Pixel Revolt is cinematic in the slow-paced, deliberate character-study way of such great films as Paris, Texas and Magnolia. The instrumentation means something, but you have give it the proper time to reveal itself. A violin enters and leaves and it's not until the 10th listen that you understand it symbolizes a feeling. All of this, and there's not a moment that is pretentious, cleverly judgmental, or coy...
With a record this good, the only question to ask is whatever will John Vanderslice do next?" (PopMatters)

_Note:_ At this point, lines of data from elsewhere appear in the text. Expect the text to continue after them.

definition survival :: "nat \<Rightarrow> nat \<Rightarrow> real" where
  "survival n = (killed ^^ n) (\<lambda>_. 1)"

lemma killed_iter_mono:
  assumes "\<And>i. i \<in> {1..k} \<Longrightarrow> f i \<le> g i" "j \<in> {1..k}"
  shows "(killed ^^ n) f j \<le> (killed ^^ n) g j"
  using assms(2)
proof (induction n arbitrary: j)
  case (Suc n)
  then show ?case
    using Inv_subset P_nonneg by (auto simp: killed_def intro!: sum_mono mult_left_mono)
qed (simp add: assms(1))

lemma killed_iter_nonneg:
  assumes "\<And>i. i \<in> {1..k} \<Longrightarrow> 0 \<le> f i" "j \<in> {1..k}"
  shows "0 \<le> (killed ^^ n) f j"
  using assms(2)
proof (induction n arbitrary: j)
  case (Suc n)
  then show ?case
    using Inv_subset P_nonneg by (auto simp: killed_def intro!: sum_nonneg mult_nonneg_nonneg)
qed (simp add: assms(1))

lemma killed_iter_scale: "(killed ^^ n) (\<lambda>i. c * f i) = (\<lambda>j. c * (killed ^^ n) f j)"
  by (induction n) (simp_all add: killed_def sum_distrib_left algebra_simps)

lemma killed_iter_abs_le:
  assumes "\<And>i. i \<in> {1..k} \<Longrightarrow> \<bar>h i\<bar> \<le> H" "j \<in> {1..k}"
  shows "\<bar>(killed ^^ n) h j\<bar> \<le> H * survival n j"
  using assms(2)
proof (induction n arbitrary: j)
  case (Suc n)
  have "\<bar>(killed ^^ Suc n) h j\<bar> \<le> (\<Sum>i\<in>Inv. P i j * \<bar>(killed ^^ n) h i\<bar>)"
    using Inv_subset P_nonneg Suc.prems
    by (auto simp: killed_def abs_mult intro!: order_trans[OF sum_abs] sum_mono)
  also have "\<dots> \<le> (\<Sum>i\<in>Inv. P i j * (H * survival n i))"
    using Inv_subset P_nonneg Suc by (auto intro!: sum_mono mult_left_mono)
  also have "\<dots> = H * survival (Suc n) j"
    by (simp add: survival_def killed_def sum_distrib_left algebra_simps)
  finally show ?case .
qed (simp add: assms(1) survival_def)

"Assuming a variety of characters, Vanderslice comes across as a post-modern Randy Newman... Catastrophically pretty, this is music of unrequited yearning; the songs are so delicate that the mere suggestion of error might produce collapse. Floating innuendo and vague memories merge with guitars and string arrangements until each song collects just enough force to disrupt itself." (Dallas Observer)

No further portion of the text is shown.